Indian civil society is being manipulated by various forces and this is a matter of concern. If India and Indians are to derive lessons from other countries where such manipulation has led to increasing ethnic and religious divisions, we should take heed to Ajit Doval’s warning.
The problem with Ajit Doval’s analysis is not the diagnosis but his cure.
Doval’s way to counter the manipulations of civil society is to build “a strategic culture”. The International Vivekananda Foundation and the Manohar Parrikar Institute for Defence Studies and Analyses have been organising a series of lectures on the topic. The strategic culture that they are building is based on the weaponisation of Hinduism as a tool to forge national unity.
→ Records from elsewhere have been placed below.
(* For every integer $d\ge2$, the degree map $\deg:[\mathbf{P}^1,\mathbf{P}^d]^{\mathrm{N}}\to\mathbf{N}$ is a bijection.
   Context: Let $k$ be a field and $d\ge2$. For $n\ge0$ and a $k$-algebra $R$, $\mathcal{F}^d_n(R)$ is the set of pairs $(A,B)$ where $A\in R[X]$ is monic of degree $n$ and $B=(B_1,\dots,B_d)$ is a $d$-tuple of polynomials of degree $<n$ such that $A,B_1,\dots,B_d$ generate the unit ideal of $R[X]$. Pointed scheme morphisms $\mathbf{P}^1_k\to\mathbf{P}^d_k$ (base points $\infty=[1:0]$ and $[1:0:\dots:0]$) correspond to pairs ($n$, element of $\mathcal{F}^d_n(k)$), $n$ being the degree; pointed naive homotopies $\mathbf{P}^1\times\mathbf{A}^1\to\mathbf{P}^d$ correspond to elements of $\mathcal{F}^d_n(k[T])$, with source and target obtained by evaluating at $T=0$ and $T=1$. $[\mathbf{P}^1,\mathbf{P}^d]^{\mathrm{N}}$ is the set of pointed morphisms modulo the equivalence relation generated by pointed naive homotopies. *)

theory Defs
  imports "HOL-Computational_Algebra.Polynomial"
begin

definition gen_unit_ideal :: "'b::comm_ring_1 poly \<Rightarrow> 'b poly list \<Rightarrow> bool" where
  "gen_unit_ideal A B \<longleftrightarrow>
     (\<exists>U V. length V = length B \<and> U * A + (\<Sum>i<length B. V ! i * B ! i) = 1)"

text \<open>F^d_n(R): A monic of degree n, B a d-tuple of polynomials of degree < n
  (for n = 0 this forces B_i = 0), generating the unit ideal.\<close>
definition F_dn :: "nat \<Rightarrow> nat \<Rightarrow> ('b::comm_ring_1 poly \<times> 'b poly list) set" where
  "F_dn d n = {(A, B). degree A = n \<and> lead_coeff A = 1 \<and> length B = d \<and>
      (\<forall>b\<in>set B. b = 0 \<or> degree b < n) \<and> gen_unit_ideal A B}"

text \<open>Pointed morphisms P^1 -> P^d over k: pairs (degree n, element of F^d_n(k)).\<close>
definition pointed_morphisms :: "nat \<Rightarrow> (nat \<times> ('a::field poly \<times> 'a poly list)) set" where
  "pointed_morphisms d = {(n, AB). AB \<in> F_dn d n}"

text \<open>k[T][X] is modelled as  a poly poly (outer variable X, coefficients in k[T]);
  evaluation at T = t.\<close>
definition eval_T :: "'a::comm_ring_1 \<Rightarrow> 'a poly poly \<Rightarrow> 'a poly" where
  "eval_T t P = map_poly (\<lambda>c. poly c t) P"

definition eval_pair :: "'a::comm_ring_1 \<Rightarrow> 'a poly poly \<times> 'a poly poly list \<Rightarrow> 'a poly \<times> 'a poly list" where
  "eval_pair t h = (eval_T t (fst h), map (eval_T t) (snd h))"
lemma word_perm_delete_row_word:
  assumes w: "w permutes {1..n}" and m: "1 \<le> m" "m < n" and k: "m \<le> k" "k < m + code n w m"
    and q: "tail_std n w m q = Suc k"
  shows "word_perm (concat (map (row_block n w) [1..<m]) @
    (rev [Suc k..<m + code n w m] @ rev [m..<k]) @ concat (map (row_block n w) [Suc m..<n])) =
    w \<circ> transpose m q"
proof -
  let ?P = "word_perm (concat (map (row_block n w) [1..<m]))"
  let ?c = "shift_cycle m (code n w m)" and ?T = "tail_std n w m"
  have inj: "inj_on w {1..n}" using w by (rule permutes_inj_on)
  have T: "word_perm (concat (map (row_block n w) [Suc m..<n])) = ?T"
    using word_perm_row_blocks_from[OF inj \<open>m < n\<close>] .
  have "[1..<n] = [1..<m] @ m # [Suc m..<n]"
    using m upt_append[of 1 m n] by (simp add: upt_conv_Cons)
  then have w_blocks: "?P \<circ> ?c \<circ> ?T = w"
    using word_perm_row_word[OF w]
    by (simp add: row_word_eq_concat_blocks word_perm_append word_perm_row_block T comp_assoc)
  have "transpose m (Suc k) \<circ> ?T = ?T \<circ> transpose m q"
    by (rule transpose_comp_bij[OF bij_tail_std[OF inj \<open>m < n\<close>] _ q]) (simp add: tail_std_def)
  then have "word_perm (concat (map (row_block n w) [1..<m]) @
      (rev [Suc k..<m + code n w m] @ rev [m..<k]) @ concat (map (row_block n w) [Suc m..<n])) =
      ?P \<circ> ?c \<circ> ?T \<circ> transpose m q"
    using k by (simp only: word_perm_append[of "concat (map (row_block n w) [1..<m])"]
        word_perm_append[of "rev [Suc k..<m + code n w m] @ rev [m..<k]"]
        word_perm_rev_upt_delete T comp_assoc)
  then show ?thesis unfolding w_blocks .
qed

section \<open>Counting braid moves and commutations\<close>

lemma move_seq_append: "move_seq u fs v \<Longrightarrow> move_seq v gs x \<Longrightarrow> move_seq u (fs @ gs) x"
  by (induction rule: move_seq.induct) (auto intro: move_seq.intros)

lemma move_in_context: "move u f v \<Longrightarrow> move (p @ u @ s) f (p @ v @ s)"
  by (induction rule: move.induct) (metis append.assoc append_Cons move.intros)+

lemma move_seq_in_context: "move_seq u fs v \<Longrightarrow> move_seq (p @ u @ s) fs (p @ v @ s)"
  by (induction rule: move_seq.induct) (auto intro: move_seq.intros move_in_context)

definition moves_to :: "nat list \<Rightarrow> nat \<Rightarrow> nat \<Rightarrow> nat list \<Rightarrow> bool" where
  "moves_to u b c v \<longleftrightarrow>
     (\<exists>fs. move_seq u fs v \<and> count_list fs Braid = b \<and> count_list fs Comm = c)"

lemma moves_to_refl: "moves_to u 0 0 u"
  unfolding moves_to_def by (auto intro: move_seq.nil)

lemma moves_to_trans: "moves_to u b c v \<Longrightarrow> moves_to v b' c' x \<Longrightarrow> moves_to u (b + b') (c + c') x"
  unfolding moves_to_def by (auto intro!: move_seq_append)

lemma moves_to_in_context: "moves_to u b c v \<Longrightarrow> moves_to (p @ u @ s) b c (p @ v @ s)"
  unfolding moves_to_def by (auto intro!: move_seq_in_context)

lemma moves_to_single:
  assumes "move u f v"
  shows "moves_to u (of_bool (f = Braid)) (of_bool (f = Comm)) v"
proof -
  have "move_seq u [f] v" using assms by (auto intro: move_seq.intros)
  then show ?thesis unfolding moves_to_def by (cases f) force+
qed

lemma moves_to_commute: "a + 2 \<le> b \<or> b + 2 \<le> a \<Longrightarrow> moves_to [a, b] 0 1 [b, a]"
  using moves_to_single[OF move.commute[of a b "[]" "[]"]] by simp

lemma moves_to_braid: "moves_to [a, Suc a, a] 1 0 [Suc a, a, Suc a]"
  using moves_to_single[OF move.braid1[of "[]" a "[]"]] by simp

lemma moves_to_commute_past:
  assumes "\<forall>r \<in> set rs. y + 2 \<le> r \<or> r + 2 \<le> y"
  shows "moves_to (y # rs) 0 (length rs) (rs @ [y])"
  using assms
proof (induction rs)
  case Nil
  then show ?case by (simp add: moves_to_refl)
next
  case (Cons r rs)
  have "moves_to ([] @ [y, r] @ rs) 0 1 ([] @ [r, y] @ rs)"
    using Cons.prems by (intro moves_to_in_context moves_to_commute) auto
  moreover have "moves_to ([r] @ (y # rs) @ []) 0 (length rs) ([r] @ (rs @ [y]) @ [])"
    using Cons by (intro moves_to_in_context) auto
  ultimately show ?case using moves_to_trans by fastforce
qed

lemma moves_to_braid_past_block:
  assumes "m \<le> y" "y + 2 \<le> m + a"
  shows "moves_to (y # rev [m..<m + a]) 1 (a - 2) (rev [m..<m + a] @ [Suc y])"
proof -
  let ?R1 = "rev [Suc (Suc y)..<m + a]" and ?R2 = "rev [m..<y]"
  have block: "rev [m..<m + a] = ?R1 @ [Suc y, y] @ ?R2"
    using rev_upt_split[of m "Suc y" a] assms by simp
  have high: "moves_to ([] @ (y # ?R1) @ ([Suc y, y] @ ?R2)) 0 (length ?R1)
      ([] @ (?R1 @ [y]) @ ([Suc y, y] @ ?R2))"
    by (intro moves_to_in_context moves_to_commute_past) auto
  have braid: "moves_to (?R1 @ [y, Suc y, y] @ ?R2) 1 0 (?R1 @ [Suc y, y, Suc y] @ ?R2)"
    by (intro moves_to_in_context moves_to_braid)
  have low: "moves_to ((?R1 @ [Suc y, y]) @ (Suc y # ?R2) @ []) 0 (length ?R2)
      ((?R1 @ [Suc y, y]) @ (?R2 @ [Suc y]) @ [])"
    by (intro moves_to_in_context moves_to_commute_past) auto
  have "moves_to (y # rev [m..<m + a]) (0 + 1 + 0) (length ?R1 + 0 + length ?R2)
      (rev [m..<m + a] @ [Suc y])"
    using moves_to_trans[OF moves_to_trans[OF high[simplified] braid[simplified]] low[simplified]]
    unfolding block by simp
  moreover have "length ?R1 + 0 + length ?R2 = a - 2" using assms by simp
  ultimately show ?thesis by simp
qed

text \<open>The letter \<open>s\<^sub>y\<close> standing in front of the block \<open>s\<^bsub>m+a-1\<^esub> \<cdots> s\<^sub>m\<close> can be moved
  behind it as \<open>s\<^bsub>y'\<^esub>\<close>, by commutations (\<open>y' = y\<close>) or with one braid move (\<open>y' = y + 1\<close>).\<close>
definition passes_block :: "nat \<Rightarrow> nat \<Rightarrow> nat \<Rightarrow> nat \<Rightarrow> bool" where
  "passes_block m a y y' \<longleftrightarrow>
     (y' = y \<and> (y + 2 \<le> m \<or> m + a < y)) \<or> (y' = Suc y \<and> m \<le> y \<and> y + 2 \<le> m + a)"

lemma moves_to_past_block:
  assumes "passes_block m a y y'"
  shows "y \<le> y' \<and> 2 * (y' - y) \<le> a \<and>
    moves_to (y # rev [m..<m + a]) (y' - y) (a - 2 * (y' - y)) (rev [m..<m + a] @ [y'])"
proof (cases "y' = y")
  case True
  then have "moves_to (y # rev [m..<m + a]) 0 (length (rev [m..<m + a])) (rev [m..<m + a] @ [y])"
    using assms by (intro moves_to_commute_past) (auto simp: passes_block_def)
  then show ?thesis using True by simp
next
  case False
  then show ?thesis using assms moves_to_braid_past_block[of m y a] by (auto simp: passes_block_def)
qed

lemma moves_to_past_blocks:
  assumes "lo \<le> hi"
    and passes: "\<And>m. lo \<le> m \<Longrightarrow> m < hi \<Longrightarrow> passes_block m (a m) (g m) (g (Suc m))"
  shows "g lo \<le> g hi \<and> 2 * (g hi - g lo) \<le> (\<Sum>m = lo..<hi. a m) \<and>
    moves_to (g lo # concat (map (\<lambda>m. rev [m..<m + a m]) [lo..<hi]))
      (g hi - g lo) ((\<Sum>m = lo..<hi. a m) - 2 * (g hi - g lo))
      (concat (map (\<lambda>m. rev [m..<m + a m]) [lo..<hi]) @ [g hi])"
  using assms(1)
proof (induction hi rule: dec_induct)
  case base
  then show ?case by (simp add: moves_to_refl)
next
  case (step k)
  let ?X = "concat (map (\<lambda>m. rev [m..<m + a m]) [lo..<k])" and ?B = "rev [k..<k + a k]"
  let ?b = "g k - g lo" and ?b' = "g (Suc k) - g k"
  have IH: "g lo \<le> g k" "2 * ?b \<le> (\<Sum>m = lo..<k. a m)"
    and "moves_to (g lo # ?X) ?b ((\<Sum>m = lo..<k. a m) - 2 * ?b) (?X @ [g k])"
    using step.IH by auto
  then have IH_moves: "moves_to (g lo # ?X @ ?B) ?b ((\<Sum>m = lo..<k. a m) - 2 * ?b) (?X @ g k # ?B)"
    using moves_to_in_context[of _ _ _ _ "[]" ?B] by fastforce
  have block: "g k \<le> g (Suc k)" "2 * ?b' \<le> a k"
    and "moves_to (g k # ?B) ?b' (a k - 2 * ?b') (?B @ [g (Suc k)])"
    using moves_to_past_block[OF passes[of k]] step.hyps by auto
  then have block_moves: "moves_to (?X @ g k # ?B) ?b' (a k - 2 * ?b') (?X @ ?B @ [g (Suc k)])"
    using moves_to_in_context[of _ _ _ _ ?X "[]"] by fastforce
  have "moves_to (g lo # ?X @ ?B) (?b + ?b') ((\<Sum>m = lo..<k. a m) - 2 * ?b + (a k - 2 * ?b'))
      (?X @ ?B @ [g (Suc k)])"
    by (rule moves_to_trans[OF IH_moves block_moves])
  moreover have "?b + ?b' = g (Suc k) - g lo"
    "(\<Sum>m = lo..<k. a m) - 2 * ?b + (a k - 2 * ?b') = (\<Sum>m = lo..<Suc k. a m) - 2 * (g (Suc k) - g lo)"
    using IH(1,2) block(1,2) step.hyps by simp_all
  ultimately show ?case using IH(1,2) block(1,2) step.hyps by simp
qed

lemma moves_to_letters_past:
  assumes "\<And>l. l < c \<Longrightarrow> moves_to ((y + l) # Y) b e (Y @ [y + l + d])"
  shows "moves_to (rev [y..<y + c] @ Y) (c * b) (c * e) (Y @ rev [y + d..<y + c + d])"
  using assms
proof (induction c)
  case 0
  then show ?case by (simp add: moves_to_refl)
next
  case (Suc c)
  let ?D = "rev [y + d..<y + c + d]"
  have "moves_to ((y + c) # rev [y..<y + c] @ Y) (c * b) (c * e) ((y + c) # Y @ ?D)"
    using Suc moves_to_in_context[of _ _ _ _ "[y + c]" "[]"] by fastforce
  moreover have "moves_to ((y + c) # Y @ ?D) b e (Y @ (y + c + d) # ?D)"
    using Suc.prems[of c] moves_to_in_context[of _ _ _ _ "[]" ?D] by fastforce
  ultimately show ?case
    using moves_to_trans by (fastforce simp: add.commute add.left_commute)
qed

section \<open>Parity invariants\<close>

definition pair_image :: "(nat \<Rightarrow> nat) \<Rightarrow> nat \<times> nat \<Rightarrow> nat \<times> nat" where
  "pair_image f p = (min (f (fst p)) (f (snd p)), max (f (fst p)) (f (snd p)))"

definition pair_set :: "nat \<times> nat \<Rightarrow> nat set" where
  "pair_set p = {fst p, snd p}"

text \<open>The reflection sequence of \<open>s\<^bsub>r\<^sub>1\<^esub> \<cdots> s\<^bsub>r\<^sub>l\<^esub>\<close>: its \<open>k\<close>-th entry is the transposition
  \<open>s\<^bsub>r\<^sub>1\<^esub> \<cdots> s\<^bsub>r\<^sub>k\<^esub> \<cdots> s\<^bsub>r\<^sub>1\<^esub>\<close>, recorded as the increasing pair of points it swaps.\<close>
fun refl_seq :: "nat list \<Rightarrow> (nat \<times> nat) list" where
  "refl_seq [] = []"
| "refl_seq (r # rs) = (r, Suc r) # map (pair_image (transpose r (Suc r))) (refl_seq rs)"

lemma pair_image_comp: "pair_image f (pair_image g p) = pair_image (f \<circ> g) p"
  by (cases "g (fst p) \<le> g (snd p)") (auto simp: pair_image_def min_def max_def)

lemma pair_set_pair_image: "pair_set (pair_image f p) = f ` pair_set p"
  by (auto simp: pair_set_def pair_image_def min_def max_def)

lemma pair_set_pair_image_Int:
  "inj f \<Longrightarrow> pair_set (pair_image f p) \<inter> pair_set (pair_image f q) = f ` (pair_set p \<inter> pair_set q)"
  by (simp add: pair_set_pair_image image_Int)

lemma pair_image_inj:
  assumes "inj f" "pair_set p \<noteq> pair_set q"
  shows "pair_image f p \<noteq> pair_image f q"
  using assms by (metis pair_set_pair_image inj_image_eq_iff)

lemma refl_seq_fst_le: "p \<in> set (refl_seq xs) \<Longrightarrow> fst p \<le> snd p"
  by (induction xs arbitrary: p) (auto simp: pair_image_def)

lemma refl_seq_append: "refl_seq (xs @ ys) = refl_seq xs @ map (pair_image (word_perm xs)) (refl_seq ys)"
proof (induction xs)
  case Nil
  have "map (pair_image (\<lambda>x. x)) (refl_seq ys) = refl_seq ys"
    by (rule map_idI) (metis refl_seq_fst_le pair_image_def max_absorb2 min_absorb1 prod.collapse)
  then show ?case by simp
next
  case (Cons r xs)
  then show ?case by (simp add: pair_image_comp comp_def)
qed
lemma penrose_inverse_unique:
  assumes "penrose_inverse A B" and "penrose_inverse A C"
  shows "B = C"
proof -
  have b1: "A ** B ** A = A" and b2: "B ** A ** B = B" and b3: "transpose (A ** B) = A ** B"
    and b4: "transpose (B ** A) = B ** A"
    and c1: "A ** C ** A = A" and c2: "C ** A ** C = C" and c3: "transpose (A ** C) = A ** C"
    and c4: "transpose (C ** A) = C ** A"
    using assms unfolding penrose_inverse_def by blast+
  have AB: "A ** B = A ** C"
  proof -
    have "A ** B = transpose (A ** C ** A ** B)"
      using b3 c1 by simp
    also have "\<dots> = transpose (A ** B) ** transpose (A ** C)"
      by (simp add: matrix_transpose_mul matrix_mul_assoc)
    also have "\<dots> = A ** C"
      using b1 b3 c3 by (simp add: matrix_mul_assoc)
    finally show ?thesis .
  qed
  have BA: "B ** A = C ** A"
  proof -
    have "B ** A = transpose (B ** (A ** C ** A))"
      using b4 c1 by simp
    also have "\<dots> = transpose (C ** A) ** transpose (B ** A)"
      by (simp add: matrix_transpose_mul matrix_mul_assoc)
    also have "\<dots> = C ** (A ** B ** A)"
      using b4 c4 by (simp add: matrix_mul_assoc)
    also have "\<dots> = C ** A"
      using b1 by simp
    finally show ?thesis .
  qed
  have "B = B ** A ** C"
    using b2 AB by (metis matrix_mul_assoc)
  also have "\<dots> = C"
    using BA c2 by simp
  finally show ?thesis .
qed

lemma mp_pinv_eqI: "penrose_inverse A B \<Longrightarrow> mp_pinv A = B"
  unfolding mp_pinv_def penrose_inverse_def[symmetric]
  using penrose_inverse_unique by blast

text \<open>Q is meant to be the orthogonal projection onto the kernel of S; the invertibility of
  S + Q forces its range to be the whole kernel.\<close>

lemma penrose_inverse_kernel_projection:
  assumes S: "transpose S = S" and Q: "transpose Q = Q" "Q ** Q = Q" and SQ: "S ** Q = 0"
    and G: "G ** (S + Q) = mat 1" "(S + Q) ** G = mat 1"
  shows "penrose_inverse S (G - Q)"
proof -
  have QS: "Q ** S = 0"
    using arg_cong[OF SQ, of transpose] S Q by (simp add: matrix_transpose_mul)
  have QG: "Q ** G = Q"
    by (metis G(2) Q(2) QS add_0 matrix_add_ldistrib matrix_mul_assoc matrix_mul_rid)
  have GQ: "G ** Q = Q"
    by (metis G(1) Q(2) SQ add_0 matrix_add_rdistrib matrix_mul_assoc matrix_mul_lid)
  have SB: "S ** (G - Q) = mat 1 - Q"
    using G(2) QG SQ by (simp add: matrix_diff_ldistrib matrix_add_rdistrib eq_diff_eq)
  have BS: "(G - Q) ** S = mat 1 - Q"
    using G(1) GQ QS by (simp add: matrix_diff_rdistrib matrix_add_ldistrib eq_diff_eq)
  have sym: "transpose (mat 1 - Q) = mat 1 - Q"
    using Q by (simp add: transpose_diff)
  show ?thesis
    unfolding penrose_inverse_def
    by (simp add: SB BS sym flip: matrix_mul_assoc)
      (simp add: matrix_diff_rdistrib matrix_diff_ldistrib QS QG Q(2))
qed
lemma span_powers_Suc_cases:
  assumes "x \<in> span_powers R y (Suc n)"
  obtains x' c where "x' \<in> span_powers R y n" "c \<in> R" "x = x' + c * y ^ n"
proof -
  obtain c where c: "\<forall>i<Suc n. c i \<in> R" "x = (\<Sum>i<Suc n. c i * y ^ i)"
    using assms unfolding span_powers_def by blast
  have "(\<Sum>i<n. c i * y ^ i) \<in> span_powers R y n"
    unfolding span_powers_def using c(1) by auto
  then show ?thesis by (rule that) (use c in auto)
qed

lemma span_powers_mono:
  assumes "is_subring R" "n \<le> m"
  shows "span_powers R y n \<subseteq> span_powers R y m"
proof (rule lift_Suc_mono_le[OF _ assms(2)])
  fix n
  show "span_powers R y n \<subseteq> span_powers R y (Suc n)"
  proof
    fix x assume "x \<in> span_powers R y n"
    then obtain c where "\<forall>i<n. c i \<in> R" "x = (\<Sum>i<n. c i * y ^ i)"
      unfolding span_powers_def by blast
    then show "x \<in> span_powers R y (Suc n)"
      unfolding span_powers_def using subring_zero[OF assms(1)]
      by (intro CollectI exI[of _ "c(n := 0)"]) (auto simp: less_Suc_eq)
  qed
qed

lemma span_powers_mult:
  assumes "is_subring R" "x \<in> span_powers R y n"
  shows "x * y \<in> span_powers R y (Suc n)"
proof -
  obtain c where c: "\<forall>i<n. c i \<in> R" "x = (\<Sum>i<n. c i * y ^ i)"
    using assms(2) unfolding span_powers_def by blast
  define c' where "c' i = (case i of 0 \<Rightarrow> 0 | Suc j \<Rightarrow> c j)" for i
  have "(\<Sum>i<Suc n. c' i * y ^ i) = (\<Sum>i<n. c i * y ^ Suc i)"
    unfolding sum.lessThan_Suc_shift c'_def by simp
  also have "\<dots> = x * y"
    unfolding c(2) sum_distrib_right by (simp add: mult.assoc power_commutes)
  finally show ?thesis
    unfolding span_powers_def using c(1) subring_zero[OF assms(1)]
    by (intro CollectI exI[of _ c']) (auto simp: c'_def split: nat.split)
qed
Liberals have, for the most part, used the language of human rights to counter the tide of Hindu nationalism without being critical of the way human rights themselves is weaponised. On this anniversary of the Universal Declaration of Human Rights, we need to rethink how the vision behind the declaration can be re-imagined in consonance with the grim reality of today.
Nandita Haksar is a human rights lawyer and author, most recently, of The Flavours of Nationalism.